To do: Go to the line containing "a n = veq_rhs" in the records below and print it and every following line exactly, on through the line containing "unfolding inA_def s_yx_def by auto", then stop.

==== Data provided ====

(* Let $N\ge1$ and $W=W_N:=1+\sum_{n=1}^N\frac{P_{n-1}(y)}{x^n}\in A$. Then there are polynomials $u(y),v(y),\dots$ such that \[ W-1-\frac{y}{x}+\frac{1}{x}W+W_x+\frac{1}{x}W_y-\frac{1}{x}\log W=-\frac{P_N(y)}{x^{N+1}}+\frac{u(y)}{x^{N+2}}+\frac{v(y)}{x^{N+3}}+\cdots \]
   Context: Let $A$ be the ring of formal series $a=\sum_{n=0}^\infty \frac{q_n(y)}{x^n}$, each $q_n$ a complex polynomial of degree at most $n$, with the obvious ring operations and the $x^{-1}$-adic topology. Formal derivatives: $a_x=-\sum_{n\ge1}\frac{n q_n(y)}{x^{n+1}}$, $a_y=\sum_{n\ge1}\frac{q_n'(y)}{x^n}$. For $1+u\in A$ with $u$ having zero constant term, $\log(1+u)=\sum_{k\ge1}(-1)^{k+1}u^k/k$. Let $V$ be the unique solution in $A$ of $V=1+\frac{y}{x}-\frac{1}{x}V-V_x-\frac{1}{x}V_y+\frac{1}{x}\log V$, and define the polynomials $P_{n-1}$ ($n\ge1$) by $V=1+\sum_{n=1}^\infty\frac{P_{n-1}(y)}{x^n}$. *)

theory Defs
  imports "HOL-Computational_Algebra.Polynomial"
begin

text \<open>An element a = sum_n q_n(y)/x^n of the ring A is represented by its coefficient
  sequence q :: nat => complex poly (q n = coefficient of x^(-n)).\<close>

type_synonym ser = "nat \<Rightarrow> complex poly"

definition inA :: "ser \<Rightarrow> bool" where
  "inA a \<longleftrightarrow> (\<forall>n. degree (a n) \<le> n)"

definition sone :: ser where
  "sone n = (if n = 0 then 1 else 0)"

definition s_yx :: ser where
  "s_yx n = (if n = 1 then [:0, 1:] else 0)"

definition smul :: "ser \<Rightarrow> ser \<Rightarrow> ser" where
  "smul a b n = (\<Sum>i\<le>n. a i * b (n - i))"

fun spow :: "ser \<Rightarrow> nat \<Rightarrow> ser" where
  "spow a 0 = sone"
| "spow a (Suc k) = smul a (spow a k)"

definition sshift :: "ser \<Rightarrow> ser" where
  "sshift a n = (if n = 0 then 0 else a (n - 1))"

text \<open>a_x = - sum_{n>=1} n q_n / x^(n+1)\<close>
definition sdx :: "ser \<Rightarrow> ser" where
  "sdx a n = (if n = 0 then 0 else - smult (of_nat (n - 1)) (a (n - 1)))"

definition sdy :: "ser \<Rightarrow> ser" where
  "sdy a n = pderiv (a n)"

text \<open>log a = log(1+u), u = a - 1, = sum_{k>=1} (-1)^(k+1) u^k / k ; since u^k has no
  terms of order < k in 1/x (when u has zero constant term), the coefficient of x^(-n)
  only involves k <= n.\<close>
definition slog :: "ser \<Rightarrow> ser" where
  "slog a n = (\<Sum>k\<in>{1..n}. smult ((-1) ^ (k + 1) / of_nat k)
                   (spow (\<lambda>m. a m - sone m) k n))"

definition Veq :: "ser \<Rightarrow> bool" where
  "Veq V \<longleftrightarrow> (\<forall>n. V n = sone n + s_yx n - sshift V n - sdx V n
                        - sshift (sdy V) n + sshift (slog V) n)"

definition Vsol :: ser where
  "Vsol = (THE V. inA V \<and> Veq V)"

definition P :: "nat \<Rightarrow> complex poly" where
  "P m = Vsol (Suc m)"

end

theory Submission
  imports Defs
begin

text \<open>The right-hand side R of the equation V = R(V) is causal: the coefficient of x^(-n)
  in R(a) depends only on the coefficients of order < n of a, because every term of R other
  than 1 + y/x carries a factor 1/x. Hence R has a unique fixed point, the solution V, and it
  is computed order by order. The truncation W agrees with V in orders \<le> N, so R(W) agrees
  with R(V) = V in orders \<le> N + 1; thus W - R(W), the left-hand side of the claim, vanishes
  up to order N, and its coefficient of order N + 1 is 0 - V_(N+1) = -P_N.
  The argument also covers N = 0.\<close>

definition causal :: "((nat \<Rightarrow> 'a) \<Rightarrow> nat \<Rightarrow> 'a) \<Rightarrow> bool" where
  "causal F \<longleftrightarrow> (\<forall>a b n. (\<forall>m<n. a m = b m) \<longrightarrow> F a n = F b n)"

lemma causalD: "causal F \<Longrightarrow> (\<And>m. m < n \<Longrightarrow> a m = b m) \<Longrightarrow> F a n = F b n"
  unfolding causal_def by blast

lemma causal_funpow_Suc:
  assumes "causal F" "m < k"
  shows "(F ^^ Suc k) a m = (F ^^ k) a m"
  using assms(2)
proof (induction k arbitrary: m)
  case (Suc k)
  then have "F ((F ^^ Suc k) a) m = F ((F ^^ k) a) m"
    by (intro causalD[OF assms(1), of m "(F ^^ Suc k) a" "(F ^^ k) a"]) auto
  then show ?case by simp
qed simp

lemma causal_funpow_stable:
  assumes "causal F" "m < k" "k \<le> j"
  shows "(F ^^ j) a m = (F ^^ k) a m"
  using assms(3)
proof (induction j rule: dec_induct)
  case (step j)
  with assms(2) have "(F ^^ Suc j) a m = (F ^^ j) a m"
    by (intro causal_funpow_Suc[OF assms(1)]) simp
  with step.IH show ?case by simp
qed simp

lemma causal_fixpoint:
  assumes "causal F"
  shows "F (\<lambda>n. (F ^^ Suc n) a n) = (\<lambda>n. (F ^^ Suc n) a n)"
proof
  fix n
  have "(F ^^ Suc m) a m = (F ^^ n) a m" if "m < n" for m
    using causal_funpow_stable[OF assms, of m "Suc m" n a] that by simp
  then have "F (\<lambda>n. (F ^^ Suc n) a n) n = F ((F ^^ n) a) n"
    by (rule causalD[OF assms])
  then show "F (\<lambda>n. (F ^^ Suc n) a n) n = (F ^^ Suc n) a n" by simp
qed

lemma causal_fixpoint_unique:
  assumes "causal F" "F a = a" "F b = b"
  shows "a = b"
proof
  fix n show "a n = b n"
  proof (induction n rule: less_induct)
    case (less n)
    then have "F a n = F b n" by (rule causalD[OF assms(1)])
    with assms(2,3) show ?case by metis
  qed
qed

definition veq_rhs :: "ser \<Rightarrow> ser" where
  "veq_rhs a n = sone n + s_yx n - sshift a n - sdx a n - sshift (sdy a) n + sshift (slog a) n"

lemma Veq_iff_veq_rhs: "Veq V \<longleftrightarrow> veq_rhs V = V"
  unfolding Veq_def veq_rhs_def by (auto simp: fun_eq_iff)

lemma smul_cong: "(\<And>m. m \<le> n \<Longrightarrow> a m = a' m) \<Longrightarrow> (\<And>m. m \<le> n \<Longrightarrow> b m = b' m)
    \<Longrightarrow> smul a b n = smul a' b' n"
  unfolding smul_def by (intro sum.cong) auto

lemma spow_cong: "(\<And>m. m \<le> n \<Longrightarrow> a m = a' m) \<Longrightarrow> spow a k n = spow a' k n"
  by (induction k arbitrary: n) (auto intro!: smul_cong)

lemma slog_cong: "(\<And>m. m \<le> n \<Longrightarrow> a m = a' m) \<Longrightarrow> slog a n = slog a' n"
  unfolding slog_def by (intro sum.cong refl arg_cong[where f = "smult _"] spow_cong) auto

lemma causal_veq_rhs: "causal veq_rhs"
  unfolding causal_def
proof (intro allI impI)
  fix a b :: ser and n assume ab: "\<forall>m<n. a m = b m"
  show "veq_rhs a n = veq_rhs b n"
  proof (cases n)
    case (Suc k)
    with ab have "slog a k = slog b k" by (intro slog_cong) auto
    with ab Suc show ?thesis by (simp add: veq_rhs_def sshift_def sdx_def sdy_def)
  qed (simp add: veq_rhs_def sshift_def sdx_def)
qed

lemma inA_sone: "inA sone"
  unfolding inA_def sone_def by auto

lemma inA_s_yx: "inA s_yx"
  unfolding inA_def s_yx_def by auto

lemma inA_diff: "inA a \<Longrightarrow> inA b \<Longrightarrow> inA (\<lambda>n. a n - b n)"
  unfolding inA_def using degree_diff_le by blast

lemma inA_add: "inA a \<Longrightarrow> inA b \<Longrightarrow> inA (\<lambda>n. a n + b n)"
  unfolding inA_def using degree_add_le by blast

lemma inA_smul: "inA a \<Longrightarrow> inA b \<Longrightarrow> inA (smul a b)"
  unfolding inA_def smul_def
proof (intro allI degree_sum_le)
  fix n i :: nat assume a: "\<forall>n. degree (a n) \<le> n" and b: "\<forall>n. degree (b n) \<le> n" and i: "i \<in> {..n}"
  have "degree (a i * b (n - i)) \<le> degree (a i) + degree (b (n - i))"
    by (rule degree_mult_le)
  also have "\<dots> \<le> i + (n - i)" using a b by (meson add_mono)
  finally show "degree (a i * b (n - i)) \<le> n" using i by simp
qed simp

lemma inA_spow: "inA a \<Longrightarrow> inA (spow a k)"
  by (induction k) (auto intro: inA_smul inA_sone)

lemma inA_slog: "inA a \<Longrightarrow> inA (slog a)"
  unfolding inA_def slog_def
proof (intro allI degree_sum_le)
  fix n k assume "\<forall>n. degree (a n) \<le> n"
  then have "inA (spow (\<lambda>m. a m - sone m) k)"
    by (intro inA_spow inA_diff inA_sone) (simp add: inA_def)
  then show "degree (smult ((- 1) ^ (k + 1) / of_nat k) (spow (\<lambda>m. a m - sone m) k n)) \<le> n"
    unfolding inA_def by (meson degree_smult_le order.trans)
qed simp

lemma inA_sshift:
  assumes "\<And>n. degree (a n) \<le> Suc n"
  shows "inA (sshift a)"
  unfolding inA_def sshift_def
proof
  fix n show "degree (if n = 0 then 0 else a (n - 1)) \<le> n"
    using assms[of "n - 1"] by (cases n) simp_all
qed

lemma inA_veq_rhs:
  assumes "inA a"
  shows "inA (veq_rhs a)"
proof -
  have deg: "degree (a n) \<le> Suc n" for n
    using assms unfolding inA_def by (meson le_SucI)
  have dx: "inA (sdx a)"
    unfolding inA_def sdx_def
  proof
    fix n show "degree (if n = 0 then 0 else - smult (of_nat (n - 1)) (a (n - 1))) \<le> n"
      using deg[of "n - 1"] by (cases n) (simp_all add: le_trans[OF degree_smult_le])
  qed
  have dy: "inA (sshift (sdy a))"
    using deg by (intro inA_sshift) (simp add: sdy_def degree_pderiv le_trans[OF diff_le_self])
  have lg: "inA (sshift (slog a))"
    using inA_slog[OF assms] by (intro inA_sshift) (simp add: inA_def le_SucI)
  show ?thesis
    unfolding veq_rhs_def
    by (intro inA_add inA_diff inA_sone inA_s_yx inA_sshift[OF deg] dx dy lg)
qed

lemma Vsol_eq_fixpoint: "Vsol = (\<lambda>n. (veq_rhs ^^ Suc n) (\<lambda>_. 0) n)"
  (is "_ = ?V")
  unfolding Vsol_def
proof (rule the_equality)
  have "inA ((veq_rhs ^^ k) (\<lambda>_. 0))" for k
  proof (induction k)
    case 0 show ?case by (simp add: inA_def)
  qed (simp add: inA_veq_rhs)
  then have "inA ?V" unfolding inA_def by blast
  then show "inA ?V \<and> Veq ?V"
    using causal_fixpoint[OF causal_veq_rhs] by (simp add: Veq_iff_veq_rhs)
next
  fix V assume "inA V \<and> Veq V"
  then show "V = ?V"
    using causal_fixpoint[OF causal_veq_rhs] causal_fixpoint_unique[OF causal_veq_rhs]
    by (simp add: Veq_iff_veq_rhs)
qed

lemma veq_rhs_Vsol: "veq_rhs Vsol = Vsol"
  unfolding Vsol_eq_fixpoint by (rule causal_fixpoint[OF causal_veq_rhs])

theorem theorem4p3:
  fixes N :: nat and W E :: ser
  assumes "N \<ge> 1"
    and "W = (\<lambda>n. if n = 0 then 1 else if n \<le> N then P (n - 1) else 0)"
    and "E = (\<lambda>n. W n - sone n - s_yx n + sshift W n + sdx W n
                  + sshift (sdy W) n - sshift (slog W) n)"
  shows "(\<forall>n\<le>N. E n = 0) \<and> E (N + 1) = - P N"
proof -
  have E: "E n = W n - veq_rhs W n" for n
    using assms(3) unfolding veq_rhs_def by (simp add: algebra_simps)
  have "Vsol 0 = 1"
    using fun_cong[OF veq_rhs_Vsol, of 0] by (simp add: veq_rhs_def sone_def s_yx_def sshift_def sdx_def)
  with assms(2) have W_Vsol: "W m = Vsol m" if "m \<le> N" for m
    using that by (simp add: P_def)
  have rhs_W: "veq_rhs W n = Vsol n" if "n \<le> Suc N" for n
  proof -
    have "veq_rhs W n = veq_rhs Vsol n"
      using that by (intro causalD[OF causal_veq_rhs, of _ W Vsol] W_Vsol) simp
    then show ?thesis by (simp add: veq_rhs_Vsol)
  qed
  have "E n = 0" if "n \<le> N" for n
    using that E rhs_W W_Vsol by simp
  moreover have "E (N + 1) = - P N"
    using E rhs_W[of "Suc N"] assms(2) by (simp add: P_def)
  ultimately show ?thesis by blast
qed

end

====

Task solution:
  show "veq_rhs a n = veq_rhs b n"
  proof (cases n)
    case (Suc k)
    with ab have "slog a k = slog b k" by (intro slog_cong) auto
    with ab Suc show ?thesis by (simp add: veq_rhs_def sshift_def sdx_def sdy_def)
  qed (simp add: veq_rhs_def sshift_def sdx_def)
qed

lemma inA_sone: "inA sone"
  unfolding inA_def sone_def by auto

lemma inA_s_yx: "inA s_yx"
  unfolding inA_def s_yx_def by auto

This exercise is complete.